Quotes

Quotes about Power


When thus the heart is in a vein
Of tender thought, the simplest strain
Can touch it with peculiar power.

Thomas Moore

A power has risen up in the government greater than the people themselves, consisting of many and various and powerful interests, combined into one mass, and held together by the cohesive power of the vast surplus in the banks.

John Caldwell Calhoun

Knowledge, in truth, is the great sun in the firmament. Life and power are scattered with all its beams.

Daniel Webster

On this question of principle, while actual suffering was yet afar off, they [the Colonies] raised their flag against a power to which, for purposes of foreign conquest and subjugation, Rome in the height of her glory is not to be compared,--a power which has dotted over the surface of the whole globe with her possessions and military posts, whose morning drum-beat, following the sun, and keeping company with the hours, circles the earth with one continuous and unbroken strain of the martial airs of England.

Daniel Webster

There is nothing so powerful as truth,--and often nothing so strange.

Daniel Webster

Dim with the mist of years, gray flits the shade of power.

George Gordon Noel Byron, Lord Byron

The power of thought,--the magic of the mind!

George Gordon Noel Byron, Lord Byron

And if we do but watch the hour,
There never yet was human power
Which could evade, if unforgiven,
The patient search and vigil long
Of him who treasures up a wrong.

George Gordon Noel Byron, Lord Byron

That all-softening, overpowering knell,
The tocsin of the soul,--the dinner bell.

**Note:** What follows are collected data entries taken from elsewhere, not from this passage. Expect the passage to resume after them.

(* Let $n\ge1$ and $t\ge1$ be integers, and let $\Gamma_{\le t}=\{a\subseteq[n]: 0<|a|\le t\}$. Let $M_t$ be the real matrix with rows and columns indexed by $\Gamma_{\le t}$ and entries $M_t[a,b]=2^{|a\cap b|}$. Then $M_t$ is positive definite. *)

theory Defs
  imports Complex_Main
begin

definition pos_def_on :: "'i set \<Rightarrow> ('i \<Rightarrow> 'i \<Rightarrow> real) \<Rightarrow> bool" where
  "pos_def_on I M \<longleftrightarrow>
     (\<forall>a\<in>I. \<forall>b\<in>I. M a b = M b a) \<and>
     (\<forall>x :: 'i \<Rightarrow> real. (\<exists>a\<in>I. x a \<noteq> 0) \<longrightarrow>
        (\<Sum>a\<in>I. \<Sum>b\<in>I. x a * M a b * x b) > 0)"

definition Gamma_le :: "nat \<Rightarrow> nat \<Rightarrow> nat set set" where
  "Gamma_le n t = {a. a \<subseteq> {1..n} \<and> 0 < card a \<and> card a \<le> t}"

definition M_t :: "nat set \<Rightarrow> nat set \<Rightarrow> real" where
  "M_t a b = 2 ^ card (a \<inter> b)"

end

theory Submission
  imports Defs
begin

text \<open>Counting the common subsets of a and b gives
  2 ^ card (a \<inter> b) = \<Sum>c. [c \<subseteq> a] [c \<subseteq> b], so the quadratic form of M_t is
  \<Sum>c (\<Sum>a \<supseteq> c. x a)^2. If a0 is inclusion-maximal among the a with x a \<noteq> 0, the
  inner sum for c = a0 is just x a0, hence the form is positive.
  Only finiteness of the index family matters.\<close>

lemma two_power_card_Int_eq_sum_Pow:
  assumes "finite U" and "a \<subseteq> U" and "b \<subseteq> U"
  shows "(2::real) ^ card (a \<inter> b) = (\<Sum>c\<in>Pow U. of_bool (c \<subseteq> a) * of_bool (c \<subseteq> b))"
proof -
  have "Pow U \<inter> {c. c \<subseteq> a} \<inter> {c. c \<subseteq> b} = Pow (a \<inter> b)"
    using assms by auto
  then have "(\<Sum>c\<in>Pow U. of_bool (c \<subseteq> a) * of_bool (c \<subseteq> b)) = real (card (Pow (a \<inter> b)))"
    using assms by simp
  also have "\<dots> = 2 ^ card (a \<inter> b)"
    using card_Pow[of "a \<inter> b"] assms by (simp add: finite_subset)
  finally show ?thesis by simp
qed

lemma M_t_quadratic_form_eq_sum_squares:
  assumes "finite U" and "finite I" and "\<And>a. a \<in> I \<Longrightarrow> a \<subseteq> U"
  shows "(\<Sum>a\<in>I. \<Sum>b\<in>I. x a * M_t a b * x b) = (\<Sum>c\<in>Pow U. (\<Sum>a\<in>{a\<in>I. c \<subseteq> a}. x a)\<^sup>2)"
proof -
  have "(\<Sum>a\<in>I. \<Sum>b\<in>I. x a * M_t a b * x b)
      = (\<Sum>a\<in>I. \<Sum>b\<in>I. \<Sum>c\<in>Pow U. (of_bool (c \<subseteq> a) * x a) * (of_bool (c \<subseteq> b) * x b))"
    using assms
    by (intro sum.cong refl)
       (simp only: M_t_def two_power_card_Int_eq_sum_Pow sum_distrib_left sum_distrib_right mult_ac)
  also have "\<dots> = (\<Sum>c\<in>Pow U. \<Sum>a\<in>I. \<Sum>b\<in>I. (of_bool (c \<subseteq> a) * x a) * (of_bool (c \<subseteq> b) * x b))"
    by (simp only: sum.swap[where B = "Pow U"])
  also have "\<dots> = (\<Sum>c\<in>Pow U. (\<Sum>a\<in>I. of_bool (c \<subseteq> a) * x a)\<^sup>2)"
    by (simp only: power2_eq_square sum_product)
  also have "\<dots> = (\<Sum>c\<in>Pow U. (\<Sum>a\<in>{a\<in>I. c \<subseteq> a}. x a)\<^sup>2)"
    using assms by (simp add: Collect_conj_eq)
  finally show ?thesis .
qed

lemma sum_supersets_of_maximal:
  assumes "finite I" and "a0 \<in> I" and "\<And>a. a \<in> I \<Longrightarrow> a0 \<subset> a \<Longrightarrow> x a = 0"
  shows "(\<Sum>a\<in>{a\<in>I. a0 \<subseteq> a}. x a) = x a0"
proof -
  have "(\<Sum>a\<in>{a\<in>I. a0 \<subseteq> a}. x a) = (\<Sum>a\<in>{a0}. x a)"
    using assms by (intro sum.mono_neutral_right) auto
  then show ?thesis by simp
qed

lemma pos_def_on_M_t:
  fixes I :: "nat set set"
  assumes "finite I" and "\<And>a. a \<in> I \<Longrightarrow> finite a"
  shows "pos_def_on I M_t"
  unfolding pos_def_on_def
proof (intro conjI allI impI ballI)
  fix a b show "M_t a b = M_t b a" by (simp add: M_t_def Int_commute)
next
  fix x :: "nat set \<Rightarrow> real"
  assume "\<exists>a\<in>I. x a \<noteq> 0"
  then obtain a0 where a0: "a0 \<in> I" "x a0 \<noteq> 0" and maximal: "\<And>a. a \<in> I \<Longrightarrow> a0 \<subset> a \<Longrightarrow> x a = 0"
    using finite_has_maximal[of "{a\<in>I. x a \<noteq> 0}"] \<open>finite I\<close> by fastforce
  have "finite (\<Union>I)" using assms by blast
  then have "0 < (\<Sum>c\<in>Pow (\<Union>I). (\<Sum>a\<in>{a\<in>I. c \<subseteq> a}. x a)\<^sup>2)"
    using a0 sum_supersets_of_maximal[OF \<open>finite I\<close> a0(1) maximal]
    by (intro sum_pos2[of _ a0]) auto
  then show "0 < (\<Sum>a\<in>I. \<Sum>b\<in>I. x a * M_t a b * x b)"
    using M_t_quadratic_form_eq_sum_squares[OF \<open>finite (\<Union>I)\<close> \<open>finite I\<close> Union_upper] by simp
qed

theorem lemma6:
  fixes n t :: nat
  assumes "n \<ge> 1" and "t \<ge> 1"
  shows "pos_def_on (Gamma_le n t) M_t"
proof (rule pos_def_on_M_t)
  show "finite (Gamma_le n t)"
    by (rule finite_subset[of _ "Pow {1..n}"]) (auto simp: Gamma_le_def)
  show "finite a" if "a \<in> Gamma_le n t" for a
    using that by (auto simp: Gamma_le_def intro: finite_subset)
qed

end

George Gordon Noel Byron, Lord Byron

Oh for a forty-parson power!

George Gordon Noel Byron, Lord Byron

The awful shadow of some unseen Power
Floats, tho' unseen, amongst us.

Percy Bysshe Shelley

Power, like a desolating pestilence,
Pollutes whate'er it touches; and obedience,
Bane of all genius, virtue, freedom, truth,
Makes slaves of men, and of the human frame
A mechanized automaton.

Percy Bysshe Shelley

You shall not pile, with servile toil,
Your monuments upon my breast,
Nor yet within the common soil
Lay down the wreck of power to rest,
Where man can boast that he has trod
On him that was "the scourge of God."

Edward Everett

How does the poet speak to men with power, but by being still more a man than they?

Thomas Carlyle

Those that have wealth must be watchful and wary,
Power, alas! naught but misery brings!

Thomas Haynes Bayly

The English Bible,--a book which if everything else in our language should perish, would alone suffice to show the whole extent of its beauty and power.

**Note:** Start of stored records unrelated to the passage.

text \<open>On a logarithmic scale with base 6, doubling is the rotation by \<open>log 6 2\<close> and division
  by 3 is the same rotation shifted by \<open>-1\<close>.\<close>

lemma double_or_third_orbit_approaches_one:
  fixes x :: "nat \<Rightarrow> real"
  assumes step: "\<And>n. x (Suc n) = 2 * x n \<or> x (Suc n) = x n / 3"
    and range: "\<And>n. 1 / 3 \<le> x n \<and> x n \<le> 2"
    and "0 < \<rho>" "\<rho> < 1"
  shows "\<exists>n. \<rho> < x n \<and> x n < 1"
proof -
  define \<theta> :: real where "\<theta> = log 6 2"
  define t where "t n = log 6 (x n)" for n
  have pos: "0 < x n" for n using range[of n] by linarith
  have log_3: "log 6 3 = 1 - \<theta>"
    using log_mult[of 6 2 3] unfolding \<theta>_def by simp
  have rotation: "t (Suc n) - t n - \<theta> \<in> \<int>" for n
    using step[of n]
  proof
    assume "x (Suc n) = 2 * x n"
    then have "t (Suc n) - t n - \<theta> = 0"
      using pos[of n] log_mult[of 6 2 "x n"] unfolding t_def \<theta>_def by simp
    then show ?thesis by simp
  next
    assume third: "x (Suc n) = x n / 3"
    have "t (Suc n) - t n - \<theta> = - 1"
      using pos[of n] log_divide[of 6 "x n" 3] log_3 unfolding t_def third by simp
    then show ?thesis by simp
  qed
  have window: "\<theta> - 1 \<le> t n \<and> t n \<le> \<theta>" for n
  proof -
    have "log 6 (1 / 3) \<le> t n" "t n \<le> log 6 2"
      using range[of n] pos[of n] unfolding t_def by (subst log_le_cancel_iff; simp)+
    moreover have "log 6 (1 / 3) = \<theta> - 1"
      using log_divide[of 6 1 3] log_3 by simp
    ultimately show ?thesis unfolding \<theta>_def by simp
  qed
  have "0 < \<theta>" "\<theta> < 1" using log_6_2_bounds unfolding \<theta>_def by auto
  moreover have "0 < - log 6 \<rho>" using \<open>0 < \<rho>\<close> \<open>\<rho> < 1\<close> by simp
  ultimately obtain n where "- (- log 6 \<rho>) < t n" "t n < 0"
    using rotation_orbit_enters_left_of_zero[where t = t and c = \<theta>,
        OF log_6_2_irrational[folded \<theta>_def] _ _ _ rotation window] by blast
  then have "\<rho> < x n" "x n < 1"
    using \<open>0 < \<rho>\<close> pos[of n] unfolding t_def by simp_all
  then show ?thesis by blast
qed

definition double_or_third_step :: "real \<Rightarrow> real \<Rightarrow> real \<Rightarrow> real \<Rightarrow> bool" where
  "double_or_third_step x y x' y' \<longleftrightarrow>
     (y \<le> 1 \<and> x' = 2 * x \<and> y' = 2 * y) \<or> (1 \<le> x \<and> y \<le> 2 \<and> x' = x / 3 \<and> y' = y / 3)"

lemma double_or_third_orbit_below_one:
  fixes x y :: "nat \<Rightarrow> real"
  assumes step: "\<And>n. double_or_third_step (x n) (y n) (x (Suc n)) (y (Suc n))"
    and small: "\<And>n. x n < 1"
  shows "x n = 2 ^ n * x 0 \<and> y n = 2 ^ n * y 0 \<and> y n \<le> 1"
proof (induction n)
  case 0
  show ?case using step[of 0] small[of 0] by (auto simp: double_or_third_step_def)
next
  case (Suc n)
  show ?case using step[of n] step[of "Suc n"] small[of n] small[of "Suc n"] Suc
    by (auto simp: double_or_third_step_def)
qed

lemma nonpos_if_pow2_mult_bounded:
  fixes a :: real
  assumes "\<And>n. 2 ^ n * a \<le> B"
  shows "a \<le> 0"
proof (rule ccontr)
  assume "\<not> a \<le> 0"
  obtain n where "B / a < 2 ^ n" using real_arch_pow[of 2 "B / a"] by auto
  with \<open>\<not> a \<le> 0\<close> have "B < 2 ^ n * a" by (simp add: field_simps)
  with assms[of n] show False by simp
qed

lemma double_or_third_orbit_ratio:
  fixes x y :: "nat \<Rightarrow> real"
  assumes step: "\<And>n. double_or_third_step (x n) (y n) (x (Suc n)) (y (Suc n))"
    and "0 < x 0"
  shows "0 < x n \<and> y n = y 0 / x 0 * x n"
proof (induction n)
  case (Suc n)
  from step[of n] show ?case unfolding double_or_third_step_def
  proof (elim disjE conjE)
    assume "x (Suc n) = 2 * x n" "y (Suc n) = 2 * y n"
    with Suc show ?case by simp
  next
    assume x_third: "x (Suc n) = x n / 3" and y_third: "y (Suc n) = y n / 3"
    show ?case unfolding x_third y_third using Suc by simp
  qed
qed (use \<open>0 < x 0\<close> in simp)

lemma double_or_third_orbit_eventually_above_third:
  fixes x y :: "nat \<Rightarrow> real"
  assumes step: "\<And>n. double_or_third_step (x n) (y n) (x (Suc n)) (y (Suc n))"
    and "0 < x 0" and bounded: "\<And>n. x n \<le> 2"
  obtains n0 where "\<And>n. 1 / 3 \<le> x (n0 + n)"
proof -
  obtain n0 where n0: "1 / 3 \<le> x n0"
  proof (rule ccontr)
    assume "\<not> thesis"
    then have "x n < 1" for n using that[of n] by linarith
    then have "2 ^ n * x 0 \<le> 2" for n
      using double_or_third_orbit_below_one[where x = x and y = y, OF step] bounded by metis
    with \<open>0 < x 0\<close> show False using nonpos_if_pow2_mult_bounded by force
  qed
  have "1 / 3 \<le> x (n0 + n)" for n
  proof (induction n)
    case (Suc n)
    then show ?case using step[of "n0 + n"] by (auto simp: double_or_third_step_def)
  qed (use n0 in simp)
  then show ?thesis by (rule that)
qed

Thomas Babington, Lord Macaulay

He that lacks time to mourn, lacks time to mend.
Eternity mourns that. 'T is an ill cure
For life's worst ills, to have no time to feel them.
Where sorrow's held intrusive and turned out,
There wisdom will not enter, nor true power,
Nor aught that dignifies humanity.

Sir Henry Taylor

There is in stillness oft a magic power
To calm the breast when struggling passions lower,
Touched by its influence, in the soul arise
Diviner feelings, kindred with the skies.

John Henry Newman

Genius hath electric power
Which earth can never tame,
Bright suns may scorch and dark clouds lower,
Its flash is still the same.

Lydia Maria Child

Everything in Nature contains all the powers of Nature. Everything is made of one hidden stuff.

Ralph Waldo Emerson

The alleged power to charm down insanity, or ferocity in beasts, is a power behind the eye.

Ralph Waldo Emerson

Ye rigid Plowmen! Bear in mind
Your labor is for future hours.
Advance! spare not! nor look behind!
Plow deep and straight with all your powers!

Richard Henry Horne

I repeat ... that all power is a trust; that we are accountable for its exercise; that from the people and for the people all springs, and all must exist.

Benjamin, Earl of Beaconsfield Disraeli

Nature is more powerful than education; time will develop everything.

Benjamin, Earl of Beaconsfield Disraeli

You can not possibly have a broader basis for any government than that which includes all the people, with all their rights in their hands, and with an equal power to maintain their rights.